Two cautions live in this loop. Rubric drift / Rubric-Induced Preference Drift: tiny natural-language edits to a rubric can silently shift the judge's preferences in a whole domain, so version your rubric like code and re-check agreement after every change. And the loop never fully ends — keep a path from judge disagreement → human adjudication (L170 (Human-in-the-Loop Spot Checks)).
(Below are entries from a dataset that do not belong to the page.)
(* Let $\mathit{Ds}$ be a declaration table of the trait calculus described in the context, $t$ a trait name and $\mathit{Name}$ a declaration name with $\mathit{Ds}(t)=\mathit{Body}$ and $\mathit{Ds}(\mathit{Name})=\mathit{Body}'$. If $\mathit{Ds};t\vdash\mathit{Body}:\mathit{OK}$ and $\mathit{Body}[\mathtt{makeAbstract}\ m]=\mathit{Body}'$, then $\mathit{Ds};\mathit{Name}\vdash\mathit{Body}':\mathit{OK}$.
   Context: Trait calculus (\textsc{TraitCbC}). A program is a list $\mathit{Ds}$ of declarations $\mathit{Name}=E$ (names unique, so $\mathit{Ds}$ is a map), where $\mathit{Name}$ is a trait name $t$ or class name $C$, and trait expressions are $E::=\mathit{Body}\mid t\mid E+E\mid E[\mathtt{makeAbstract}\ m]$. A body is $\{\mathtt{interface}?\ [\mathit{Cs}]\ \mathit{Ms}\}$ with $\mathit{Cs}$ implemented interface names and $\mathit{Ms}$ a list of methods with distinct names. A method is $\mathit{MH}\ e?;$ (abstract if $e$ is absent) with header $S\ \mathtt{method}\ C\ m(C_1x_1\dots C_nx_n)$; $S$ is a specification with precondition $\mathit{Pre}(S)$ and postcondition $\mathit{Post}(S)$ in a parametric logic supporting a commutative, associative conjunction $\&$ and a transitive implication $\Rightarrow$. Expressions are $e::=x\mid e.m(e_1\dots e_n)\mid\mathtt{new}\ C(e_1\dots e_n)$; fields are emulated by argument-less abstract methods (getters). Verification is assumed sound and modular. Typing judgment $\Gamma\vdash e:C\dashv P\models P'$ (knowledge $P$, obligation $P'$): variables give $\Gamma\vdash x:\Gamma(x)\dashv\mathtt{result}:\Gamma(x)\&\mathtt{result}=x\models\mathit{true}$; a call $e_0.m(e_1\dots e_n)$ to a method $S\ \mathtt{method}\ C\ m(C_1x_1\dots C_nx_n)$ of $C_0$, with $\Gamma\vdash e_i:C_i\dashv P_i\models P'_i$, fresh $x'_i$ and $S'=S[\mathtt{this}:=x'_0,x_i:=x'_i]$, has type $C$, knowledge $\mathtt{result}:C\&P_0[\mathtt{result}:=x'_0]\&\dots\&P_n[\mathtt{result}:=x'_n]\&(\mathit{Pre}(S')\Rightarrow\mathit{Post}(S'))$ and obligation $P'_0\&\dots\&P'_n\&\mathit{Pre}(S')$; an object creation $\mathtt{new}\ C(e_1\dots e_n)$, where $C$'s getters are $S_i\ \mathtt{method}\ C_i\ x_i()$, has type $C$, knowledge $\mathtt{result}:C\&\bigwedge_i(P_i[\mathtt{result}:=x'_i]\&(\mathit{Pre}(S'_i)\Rightarrow\mathtt{result}.x_i()=x'_i))$ and obligation $\bigwedge_iP'_i\&\bigwedge_i\mathit{Pre}(S'_i)$ with $S'_i=S_i[\mathtt{this}:=\mathtt{result}]$; subsumption allows replacing the type by a supertype. A concrete method $S\ \mathtt{method}\ C\ m(C_1x_1\dots C_nx_n)\ e;$ satisfies $\mathit{Ds};\mathit{Name}\vdash M:\mathit{OK}$ iff for $\Gamma=\mathtt{this}:\mathit{Name},x_1:C_1,\dots,x_n:C_n$ we have $\Gamma\vdash e:C\dashv P\models P'$ and the verifier proves $\mathit{Ds}\vdash(\Gamma\&\mathit{Pre}(S)\&P)\models(P'\&\mathit{Post}(S))$; abstract methods are always OK; $\mathit{Ds};\mathit{Name}\vdash\mathit{Body}:\mathit{OK}$ iff all its methods are OK. Body abstraction: $\{[\mathit{Cs}]\ \mathit{Ms}_1\ S\ \mathtt{method}\ C\ m(\dots)\ e?;\ \mathit{Ms}_2\}[\mathtt{makeAbstract}\ m]=\{[\mathit{Cs}]\ \mathit{Ms}_1\ S\ \mathtt{method}\ C\ m(\dots);\ \mathit{Ms}_2\}$, i.e. the implementation of $m$ (if any) is removed while its specification is kept. *)

theory Defs
  imports Main
begin

type_synonym var = string     (* program variables, including ''this'' and ''result'' *)
type_synonym mname = string
type_synonym cname = string

datatype name = Trait string | Class cname

(* Besides the connectives and atoms that the typing
   rules need (x : C, x = y, x.m() = y), arbitrary atoms of the underlying logic are
   represented by FAtom a xs, where xs lists the free variables of the atom. *)
datatype 'a form =
    FTrue
  | FConj "'a form" "'a form"
  | FImp "'a form" "'a form"
  | FType var name
  | FEq var var
  | FGet var mname var               (* x.m() = y *)
  | FAtom 'a "var list"

fun fvars :: "'a form \<Rightarrow> var set" where
  "fvars FTrue = {}"
| "fvars (FConj p q) = fvars p \<union> fvars q"
| "fvars (FImp p q) = fvars p \<union> fvars q"
| "fvars (FType x c) = {x}"
| "fvars (FEq x y) = {x, y}"
| "fvars (FGet x m y) = {x, y}"
| "fvars (FAtom a xs) = set xs"

fun fsubst :: "(var \<Rightarrow> var) \<Rightarrow> 'a form \<Rightarrow> 'a form" where
  "fsubst \<sigma> FTrue = FTrue"
| "fsubst \<sigma> (FConj p q) = FConj (fsubst \<sigma> p) (fsubst \<sigma> q)"
| "fsubst \<sigma> (FImp p q) = FImp (fsubst \<sigma> p) (fsubst \<sigma> q)"
| "fsubst \<sigma> (FType x c) = FType (\<sigma> x) c"
| "fsubst \<sigma> (FEq x y) = FEq (\<sigma> x) (\<sigma> y)"
| "fsubst \<sigma> (FGet x m y) = FGet (\<sigma> x) m (\<sigma> y)"
| "fsubst \<sigma> (FAtom a xs) = FAtom a (map \<sigma> xs)"

definition conjs :: "'a form list \<Rightarrow> 'a form" where
  "conjs ps = foldr FConj ps FTrue"

type_synonym 'a spec = "'a form \<times> 'a form"

definition Pre :: "'a spec \<Rightarrow> 'a form" where "Pre S = fst S"
definition Post :: "'a spec \<Rightarrow> 'a form" where "Post S = snd S"

definition spec_subst :: "(var \<Rightarrow> var) \<Rightarrow> 'a spec \<Rightarrow> 'a spec" where
  "spec_subst \<sigma> S = (fsubst \<sigma> (Pre S), fsubst \<sigma> (Post S))"

definition spec_vars :: "'a spec \<Rightarrow> var set" where
  "spec_vars S = fvars (Pre S) \<union> fvars (Post S)"

datatype expr = Var var | Call expr mname "expr list" | New cname "expr list"

datatype 'a mhead = MH "'a spec" cname mname "(cname \<times> var) list"

fun hd_spec :: "'a mhead \<Rightarrow> 'a spec" where "hd_spec (MH S C m ps) = S"
fun hd_ret :: "'a mhead \<Rightarrow> cname" where "hd_ret (MH S C m ps) = C"
fun hd_name :: "'a mhead \<Rightarrow> mname" where "hd_name (MH S C m ps) = m"
fun hd_params :: "'a mhead \<Rightarrow> (cname \<times> var) list" where "hd_params (MH S C m ps) = ps"

(* method  MH e?;  (abstract iff the body is None) *)
datatype 'a meth = MD "'a mhead" "expr option"

fun m_head :: "'a meth \<Rightarrow> 'a mhead" where "m_head (MD h e) = h"

record 'a body =
  is_interface :: bool
  impls :: "cname list"
  meths :: "'a meth list"

datatype 'a texpr = EBody "'a body" | ETrait string | EPlus "'a texpr" "'a texpr"
  | EMakeAbstract "'a texpr" mname

(* declaration table Ds: names are unique, so Ds is a (partial) map *)
type_synonym 'a decls = "name \<Rightarrow> 'a texpr option"

(* Body[makeAbstract m] = Body' *)
definition make_abstract :: "'a body \<Rightarrow> mname \<Rightarrow> 'a body \<Rightarrow> bool" where
  "make_abstract b m b' \<longleftrightarrow>
     (\<exists>Ms1 Ms2 h e. meths b = Ms1 @ [MD h e] @ Ms2 \<and> hd_name h = m \<and>
        b' = b\<lparr>meths := Ms1 @ [MD h None] @ Ms2\<rparr>)"

definition methods_of :: "'a decls \<Rightarrow> name \<Rightarrow> 'a meth list" where
  "methods_of Ds n = (case Ds n of Some (EBody b) \<Rightarrow> meths b | _ \<Rightarrow> [])"

definition getters :: "'a decls \<Rightarrow> cname \<Rightarrow> ('a spec \<times> cname \<times> mname) list" where
  "getters Ds C = [(hd_spec h, hd_ret h, hd_name h).
                     M \<leftarrow> methods_of Ds (Class C), h \<leftarrow> [m_head M],
                     M = MD h None \<and> hd_params h = []]"

definition direct_super :: "'a decls \<Rightarrow> name \<Rightarrow> name \<Rightarrow> bool" where
  "direct_super Ds n n' \<longleftrightarrow>
     (\<exists>b c. Ds n = Some (EBody b) \<and> c \<in> set (impls b) \<and> n' = Class c)"

definition subtype :: "'a decls \<Rightarrow> name \<Rightarrow> name \<Rightarrow> bool" where
  "subtype Ds = (direct_super Ds)\<^sup>*\<^sup>*"

section \<open>Typing judgment  \<Gamma> \<turnstile> e : C \<stileturn> P \<Turnstile> P'\<close>

definition res :: var where "res = ''result''"
definition this :: var where "this = ''this''"

definition fresh_vars :: "var list \<Rightarrow> (var \<rightharpoonup> name) \<Rightarrow> var set \<Rightarrow> bool" where
  "fresh_vars xs \<Gamma> used \<longleftrightarrow> distinct xs \<and>
     (\<forall>x\<in>set xs. x \<noteq> res \<and> x \<noteq> this \<and> x \<notin> dom \<Gamma> \<and> x \<notin> used)"

definition upd_res :: "var \<Rightarrow> var \<Rightarrow> var" where
  "upd_res x' = (\<lambda>v. if v = res then x' else v)"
The rubric you ship is the one that provably tracks your humans (L158 (Building Your First Eval Set) is where those human labels come from), not the one that sounded right in a doc.

🧪 Try It Yourself

Take a vague rubric you (or a tutorial) already use and operationalize one criterion — 15 minutes, and the skill clicks:

  1. Pick the fuzzy word. “Helpful,” “accurate,” “good tone” — whatever you're secretly asking a judge for.
  2. Write the procedural definition. Turn it into something two people would grade the same way: not “is it accurate?” but “every factual claim is supported by the provided source.” In your domain's words.
  3. Anchor a 0–5 (or pass/fail) scale. Say what a 5, a 3, and a 1 look like — one line each. Add one example answer with its score.
  4. Grade 10 real outputs yourself, then run claude-opus-4-8 with your rubric on the same 10 (reason first, then score). Read the disagreements. Nine times out of ten the rubric was ambiguous, not the judge — fix that line and re-run.
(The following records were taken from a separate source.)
(* For every integer $n\ge 4$, \[ R_n(x)=\begin{cases} xR_{n-1}(x)+R_{n-2}(x), & \text{if } n \text{ is odd},\\ R_{n-1}(x)+x^2R_{n-2}(x), & \text{if } n \text{ is even}.\end{cases} \]
   Context: For $n\ge1$ let $\Xi_n$ (the $L$-fence) be the poset on $\{x_1,\dots,x_n\}$ whose cover relations are exactly: $x_2\prec x_1$, $x_3\prec x_2$, and for $3\le i\le n-1$, $x_i\prec x_{i+1}$ if $i$ is odd and $x_{i+1}\prec x_i$ if $i$ is even (so $x_1>x_2>x_3<x_4>x_5<\cdots$). A filter of a poset $P$ is a subset $F$ with $x\in F$, $x\le y\Rightarrow y\in F$. $\Omega_n$ is the lattice of filters of $\Xi_n$ ordered by reverse inclusion; $\Omega_0$ is the one-element lattice. The rank generating function of $\Omega_n$ is $R_n(x)=\sum_{F\in\Omega_n}x^{\,n-|F|}$, with $R_0(x)=1$. *)

theory Defs
  imports "HOL-Computational_Algebra.Polynomial"
begin

text \<open>The L-fence on {x_1,...,x_n}, element x_i represented by the natural number i.
  fence_cover n a b means x_a is covered by x_b (x_a \<prec> x_b).\<close>
definition fence_cover :: "nat \<Rightarrow> nat \<Rightarrow> nat \<Rightarrow> bool" where
  "fence_cover n a b \<longleftrightarrow> a \<in> {1..n} \<and> b \<in> {1..n} \<and>
     ((a = 2 \<and> b = 1) \<or> (a = 3 \<and> b = 2) \<or>
      (\<exists>i. 3 \<le> i \<and> i \<le> n - 1 \<and>
          ((odd i \<and> a = i \<and> b = i + 1) \<or> (even i \<and> a = i + 1 \<and> b = i))))"

definition fence_le :: "nat \<Rightarrow> nat \<Rightarrow> nat \<Rightarrow> bool" where
  "fence_le n = (fence_cover n)\<^sup>*\<^sup>*"

definition fence_filters :: "nat \<Rightarrow> nat set set" where
  "fence_filters n = {F. F \<subseteq> {1..n} \<and>
     (\<forall>x y. x \<in> F \<longrightarrow> y \<in> {1..n} \<longrightarrow> fence_le n x y \<longrightarrow> y \<in> F)}"

definition rank_gen :: "nat \<Rightarrow> int poly" where
  "rank_gen n = (\<Sum>F\<in>fence_filters n. monom 1 (n - card F))"

end

theory Submission
  imports Defs
begin

text \<open>Split the filters of \<open>\<Xi>\<^sub>n\<close> according to whether they contain \<open>x\<^sub>n\<close>.
  For odd \<open>n\<close>, \<open>x\<^sub>n\<close> is minimal and covered only by \<open>x\<^bsub>n-1\<^esub>\<close>, which is maximal:
  a filter avoiding \<open>x\<^sub>n\<close> is a filter of \<open>\<Xi>\<^bsub>n-1\<^esub>\<close> (one more missing element, hence
  the factor \<open>x\<close>), and a filter containing \<open>x\<^sub>n\<close> also contains \<open>x\<^bsub>n-1\<^esub>\<close>, so it is a
  filter of \<open>\<Xi>\<^bsub>n-2\<^esub>\<close> plus these two elements. For even \<open>n\<close> the picture is dual:
  \<open>x\<^sub>n\<close> is maximal and covers only the minimal element \<open>x\<^bsub>n-1\<^esub>\<close>, so a filter is either a
  filter of \<open>\<Xi>\<^bsub>n-1\<^esub>\<close> plus \<open>x\<^sub>n\<close>, or avoids both and is a filter of \<open>\<Xi>\<^bsub>n-2\<^esub>\<close>
  (factor \<open>x\<^sup>2\<close>).\<close>

definition fence_covers :: "nat \<Rightarrow> nat \<Rightarrow> bool" where
  "fence_covers a b \<longleftrightarrow> (a = 2 \<and> b = 1) \<or> (a = 3 \<and> b = 2) \<or>
     (3 \<le> a \<and> odd a \<and> b = a + 1) \<or> (3 \<le> b \<and> even b \<and> a = b + 1)"

lemma fence_cover_iff: "fence_cover n a b \<longleftrightarrow> a \<in> {1..n} \<and> b \<in> {1..n} \<and> fence_covers a b"
  unfolding fence_cover_def fence_covers_def
  by (rule iffI; elim conjE disjE exE) auto

lemma rtranclp_preserves_closed:
  assumes "r\<^sup>*\<^sup>* x y" "x \<in> F" "\<And>a b. a \<in> F \<Longrightarrow> r a b \<Longrightarrow> b \<in> F"
  shows "y \<in> F"
  using assms by (induction rule: rtranclp_induct) auto

lemma mem_fence_filters_iff:
  "F \<in> fence_filters n \<longleftrightarrow> F \<subseteq> {1..n} \<and> (\<forall>a\<in>F. \<forall>b\<in>{1..n}. fence_covers a b \<longrightarrow> b \<in> F)"
proof
  assume "F \<in> fence_filters n"
  then show "F \<subseteq> {1..n} \<and> (\<forall>a\<in>F. \<forall>b\<in>{1..n}. fence_covers a b \<longrightarrow> b \<in> F)"
    unfolding fence_filters_def fence_le_def by (fastforce simp: fence_cover_iff)
next
  assume F: "F \<subseteq> {1..n} \<and> (\<forall>a\<in>F. \<forall>b\<in>{1..n}. fence_covers a b \<longrightarrow> b \<in> F)"
  then have "y \<in> F" if "x \<in> F" "fence_le n x y" for x y
    using that unfolding fence_le_def by (auto simp: fence_cover_iff intro: rtranclp_preserves_closed)
  with F show "F \<in> fence_filters n"
    unfolding fence_filters_def by blast
qed

lemma fence_filters_subset: "F \<in> fence_filters n \<Longrightarrow> F \<subseteq> {1..n}"
  by (simp add: mem_fence_filters_iff)

lemma finite_fence_filters: "finite (fence_filters n)"
  by (rule finite_subset[of _ "Pow {1..n}"]) (use fence_filters_subset in auto)

lemma finite_fence_filter: "F \<in> fence_filters n \<Longrightarrow> finite F"
  by (meson fence_filters_subset finite_atLeastAtMost finite_subset)

lemma card_fence_filter_le: "F \<in> fence_filters n \<Longrightarrow> card F \<le> n"
  using card_mono[of "{1..n}" F] by (auto dest: fence_filters_subset)

lemma fence_filter_upward:
  "F \<in> fence_filters n \<Longrightarrow> a \<in> F \<Longrightarrow> fence_covers a b \<Longrightarrow> b \<in> {1..n} \<Longrightarrow> b \<in> F"
  by (simp add: mem_fence_filters_iff)

lemma fence_filter_Diff_greaterThanAtMost:
  assumes "F \<in> fence_filters n" "m \<le> n"
  shows "F - {m<..n} \<in> fence_filters m"
  using assms by (auto simp: mem_fence_filters_iff)

lemma fence_filter_extend:
  assumes "G \<in> fence_filters m" "m \<le> n"
    and "\<And>a b. a \<in> G \<Longrightarrow> m < b \<Longrightarrow> b \<le> n \<Longrightarrow> \<not> fence_covers a b"
  shows "G \<in> fence_filters n"
  unfolding mem_fence_filters_iff
proof (intro conjI ballI impI)
  show "G \<subseteq> {1..n}"
    using fence_filters_subset[OF assms(1)] assms(2) by auto
next
  fix a b assume "a \<in> G" "b \<in> {1..n}" "fence_covers a b"
  with assms show "b \<in> G"
    by (cases "b \<le> m") (auto intro: fence_filter_upward)
qed

lemma fence_filter_Un_greaterThanAtMost:
  assumes "G \<in> fence_filters m" "m \<le> n"
    and "\<And>a b. m < a \<Longrightarrow> a \<le> n \<Longrightarrow> b \<le> m \<Longrightarrow> \<not> fence_covers a b"
  shows "G \<union> {m<..n} \<in> fence_filters n"
  unfolding mem_fence_filters_iff
proof (intro conjI ballI impI)
  show "G \<union> {m<..n} \<subseteq> {1..n}"
    using fence_filters_subset[OF assms(1)] assms(2) by auto
next
  fix a b assume a: "a \<in> G \<union> {m<..n}" and b: "b \<in> {1..n}" and ab: "fence_covers a b"
  show "b \<in> G \<union> {m<..n}"
  proof (cases "b \<le> m")
    case True
    with a ab assms(3) have "a \<in> G"
      by force
    with True ab b show ?thesis
      using fence_filter_upward[OF assms(1)] by simp
  qed (use b in auto)
qed

lemma greaterThanAtMost_diff_one: "0 < n \<Longrightarrow> {n - 1<..n} = {n::nat}"
  by auto

lemma greaterThanAtMost_diff_two: "1 < n \<Longrightarrow> {n - 2<..n} = {n - 1, n::nat}"
  by auto

lemma fence_covers_odd_top:
  assumes "odd n" "5 \<le> n"
  shows "\<not> fence_covers a n" "\<not> fence_covers (n - 1) b" "fence_covers n (n - 1)"
    and "b \<le> n \<Longrightarrow> fence_covers n b \<Longrightarrow> b = n - 1"
  using assms unfolding fence_covers_def by presburger+

lemma fence_covers_even_top:
  assumes "even n" "4 \<le> n"
  shows "\<not> fence_covers n b" "\<not> fence_covers a (n - 1)" "fence_covers (n - 1) n"
    and "a \<le> n \<Longrightarrow> fence_covers a n \<Longrightarrow> a = n - 1"
  using assms unfolding fence_covers_def by presburger+

lemma fence_filters_odd:
  assumes "odd n" "5 \<le> n"
  shows "fence_filters n =
    fence_filters (n - 1) \<union> (\<lambda>G. G \<union> {n - 2<..n}) ` fence_filters (n - 2)"
proof (intro set_eqI iffI)
  note top = fence_covers_odd_top[OF assms]
  fix F assume F: "F \<in> fence_filters n"
  show "F \<in> fence_filters (n - 1) \<union> (\<lambda>G. G \<union> {n - 2<..n}) ` fence_filters (n - 2)"
  proof (cases "n \<in> F")
    case False
    with assms(2) have "F = F - {n - 1<..n}"
      by (subst greaterThanAtMost_diff_one) auto
    with fence_filter_Diff_greaterThanAtMost[OF F] have "F \<in> fence_filters (n - 1)"
      by (metis diff_le_self)
    then show ?thesis ..
  next
    case True
    with F top(3) assms(2) have "n - 1 \<in> F"
      by (simp add: fence_filter_upward)
    with True assms(2) have "F = (F - {n - 2<..n}) \<union> {n - 2<..n}"
      by (auto simp: greaterThanAtMost_diff_two)
    moreover have "F - {n - 2<..n} \<in> fence_filters (n - 2)"
      using fence_filter_Diff_greaterThanAtMost[OF F] by simp
    ultimately show ?thesis by blast
  qed
next
  note top = fence_covers_odd_top[OF assms]
  fix F assume "F \<in> fence_filters (n - 1) \<union> (\<lambda>G. G \<union> {n - 2<..n}) ` fence_filters (n - 2)"
  then show "F \<in> fence_filters n"
  proof
    assume "F \<in> fence_filters (n - 1)"
    then show ?thesis
    proof (rule fence_filter_extend)
      fix a b assume "n - 1 < b" "b \<le> n"
      then have "b = n" by arith
      with top(1) show "\<not> fence_covers a b" by simp
    qed simp
  next
    assume "F \<in> (\<lambda>G. G \<union> {n - 2<..n}) ` fence_filters (n - 2)"
    then obtain G where G: "G \<in> fence_filters (n - 2)" and F: "F = G \<union> {n - 2<..n}" ..
    show ?thesis
      unfolding F
    proof (rule fence_filter_Un_greaterThanAtMost[OF G])
      fix a b assume "n - 2 < a" "a \<le> n" "b \<le> n - 2"
      with assms(2) have "a = n - 1 \<or> (a = n \<and> b \<noteq> n - 1)"
        by arith
      with top(2,4) \<open>b \<le> n - 2\<close> show "\<not> fence_covers a b"
        by auto
    qed simp
  qed
qed

lemma fence_filters_even:
  assumes "even n" "4 \<le> n"
  shows "fence_filters n =
    fence_filters (n - 2) \<union> (\<lambda>G. G \<union> {n - 1<..n}) ` fence_filters (n - 1)"
proof (intro set_eqI iffI)
  note top = fence_covers_even_top[OF assms]
  fix F assume F: "F \<in> fence_filters n"
  show "F \<in> fence_filters (n - 2) \<union> (\<lambda>G. G \<union> {n - 1<..n}) ` fence_filters (n - 1)"
  proof (cases "n \<in> F")
    case False
    moreover have "n \<in> F" if "n - 1 \<in> F"
      using fence_filter_upward[OF F that top(3)] assms(2) by simp
    ultimately have "F = F - {n - 2<..n}"
      using assms(2) by (auto simp: greaterThanAtMost_diff_two)
    with fence_filter_Diff_greaterThanAtMost[OF F] have "F \<in> fence_filters (n - 2)"
      by (metis diff_le_self)
    then show ?thesis ..
  next
    case True
    with assms(2) have "F = (F - {n - 1<..n}) \<union> {n - 1<..n}"
      by (subst greaterThanAtMost_diff_one) auto
    moreover have "F - {n - 1<..n} \<in> fence_filters (n - 1)"
      using fence_filter_Diff_greaterThanAtMost[OF F] by simp
    ultimately show ?thesis by blast
  qed
next
  note top = fence_covers_even_top[OF assms]
  fix F assume "F \<in> fence_filters (n - 2) \<union> (\<lambda>G. G \<union> {n - 1<..n}) ` fence_filters (n - 1)"
  then show "F \<in> fence_filters n"
  proof
    assume F: "F \<in> fence_filters (n - 2)"
    then show ?thesis
    proof (rule fence_filter_extend)
      fix a b assume "a \<in> F" "n - 2 < b" "b \<le> n"
      moreover have "a \<le> n - 2"
        using fence_filters_subset[OF F] \<open>a \<in> F\<close> by auto
      ultimately have "a \<le> n" "b = n - 1 \<or> (b = n \<and> a \<noteq> n - 1)"
        using assms(2) by arith+
      with top(2,4) show "\<not> fence_covers a b"
        by blast
    qed simp
  next
    assume "F \<in> (\<lambda>G. G \<union> {n - 1<..n}) ` fence_filters (n - 1)"
    then obtain G where G: "G \<in> fence_filters (n - 1)" and F: "F = G \<union> {n - 1<..n}" ..
    show ?thesis
      unfolding F
    proof (rule fence_filter_Un_greaterThanAtMost[OF G])
      fix a b assume "n - 1 < a" "a \<le> n"
      then have "a = n" by arith
      with top(1) show "\<not> fence_covers a b" by simp
    qed simp
  qed
qed

lemma sum_monom_card_fence_filters:
  assumes "m \<le> n"
  shows "(\<Sum>F\<in>fence_filters m. monom 1 (n - card F)) = [:0, 1:] ^ (n - m) * rank_gen m"
  unfolding rank_gen_def sum_distrib_left
proof (rule sum.cong[OF refl])
  fix F assume "F \<in> fence_filters m"
  with assms have "n - card F = (n - m) + (m - card F)"
    using card_fence_filter_le by fastforce
  then show "monom 1 (n - card F) = [:0, 1:] ^ (n - m) * monom 1 (m - card F)"
    by (simp add: monom_altdef power_add)
qed

lemma sum_monom_card_fence_filters_Un:
  assumes "m \<le> n"
  shows "(\<Sum>F\<in>(\<lambda>G. G \<union> {m<..n}) ` fence_filters m. monom 1 (n - card F)) = rank_gen m"
proof -
  have disjoint: "G \<inter> {m<..n} = {}" if "G \<in> fence_filters m" for G
    using fence_filters_subset[OF that] by auto
  have "inj_on (\<lambda>G. G \<union> {m<..n}) (fence_filters m)"
    by (rule inj_onI) (use disjoint in blast)
  moreover have "n - card (G \<union> {m<..n}) = m - card G" if "G \<in> fence_filters m" for G
    using assms card_fence_filter_le[OF that] finite_fence_filter[OF that] disjoint[OF that]
    by (simp add: card_Un_disjoint)
  ultimately show ?thesis
    unfolding rank_gen_def by (simp add: sum.reindex)
qed

lemma rank_gen_decompose:
  assumes "fence_filters n = fence_filters k \<union> (\<lambda>G. G \<union> {m<..n}) ` fence_filters m"
    and "k < n" "m < n"
  shows "rank_gen n = [:0, 1:] ^ (n - k) * rank_gen k + rank_gen m"
proof -
  have "n \<notin> F" if "F \<in> fence_filters k" for F
    using fence_filters_subset[OF that] \<open>k < n\<close> by auto
  moreover have "n \<in> G \<union> {m<..n}" for G
    using \<open>m < n\<close> by simp
  ultimately have "fence_filters k \<inter> (\<lambda>G. G \<union> {m<..n}) ` fence_filters m = {}"
    by blast
  then show ?thesis
    unfolding rank_gen_def assms(1)
    using assms(2,3) finite_fence_filters
    by (simp add: sum.union_disjoint sum_monom_card_fence_filters
        sum_monom_card_fence_filters_Un[unfolded rank_gen_def])
qed

theorem mainTheorem2:
  fixes n :: nat
  assumes "n \<ge> 4"
  shows "rank_gen n =
    (if odd n then [:0, 1:] * rank_gen (n - 1) + rank_gen (n - 2)
     else rank_gen (n - 1) + [:0, 1:] ^ 2 * rank_gen (n - 2))"
proof (cases "even n")
  case True
  with assms show ?thesis
    using rank_gen_decompose[OF fence_filters_even[OF True assms]] by (simp add: add.commute)
next
  case False
  with assms have "5 \<le> n"
    by presburger
  with False show ?thesis
    using rank_gen_decompose[OF fence_filters_odd[OF False \<open>5 \<le> n\<close>]] by simp
qed

end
When your judge agrees with you on those 10, you've done the actual job: you didn't write a prompt, you designed a measurement.

Mental-Model Corrections

  • “Just ask the judge if it's good.” “Good” is a placeholder the judge fills with its own priors. Write an operational criterion in your domain's words, or you're measuring the model's vibes, not your standard.
  • “One prompt can score everything at once.” A do-everything prompt yields correlated, mushy scores. Score one criterion per call (faithfulness, then relevance, then completeness) and aggregate.
  • “Use a 0.0–1.0 float for precision.” Judges are inconsistent on floats. Use a categorical scale — 0–5 (best human alignment) or binary (most robust, hard to game) — with anchored levels.
  • “Score first, explain after.” Backwards for accuracy: reason first (list the evidence), then score (G-Eval) — but keep the reasoning structured and short, not an essay that becomes post-hoc justification.
  • “My rubric is neutral.” Not unless you said so. Without an explicit length-neutrality clause it rewards verbosity; without the source passed in it can't check faithfulness at all.
  • “Write the rubric once, then run it.” You discover the rubric (criteria drift). Align it to human labels, read the disagreements, and refine until it provably tracks your people.

Key Takeaways

  • A judge is only as good as its rubricvague rubrics produce vague verdicts at scale. “Is it good?” makes the judge grade by its own priors; an operational criterion makes it grade by yours.
  • Structure the prompt as RCAF: Role · rubric as Context · scoring Action · strict (JSON) Format, at temperature 0, with the input/output to grade.
  • Operationalize + separate the criteria: specific, measurable, criterion-independent, exhaustive; decompose into faithfulness / relevance / completeness and score one per call.
  • Anchor the scale: categorical integers (0–5 best human alignment, or binary most robust), a descriptor for every level, plus one calibration example (one beats many).
  • Build in the defenses: reason first but structured (G-Eval), an explicit length-neutrality clause, and pass the source in for grounded criteria. Full bias treatment in L169 (Judge Biases & How to Calibrate).
  • You discover the rubric: criteria drift means you can't fully specify it up front — align to human labels, read the disagreements, refine, and version it like code. Those labels come from L158 (Building Your First Eval Set); escalation lives in L170 (Human-in-the-Loop Spot Checks).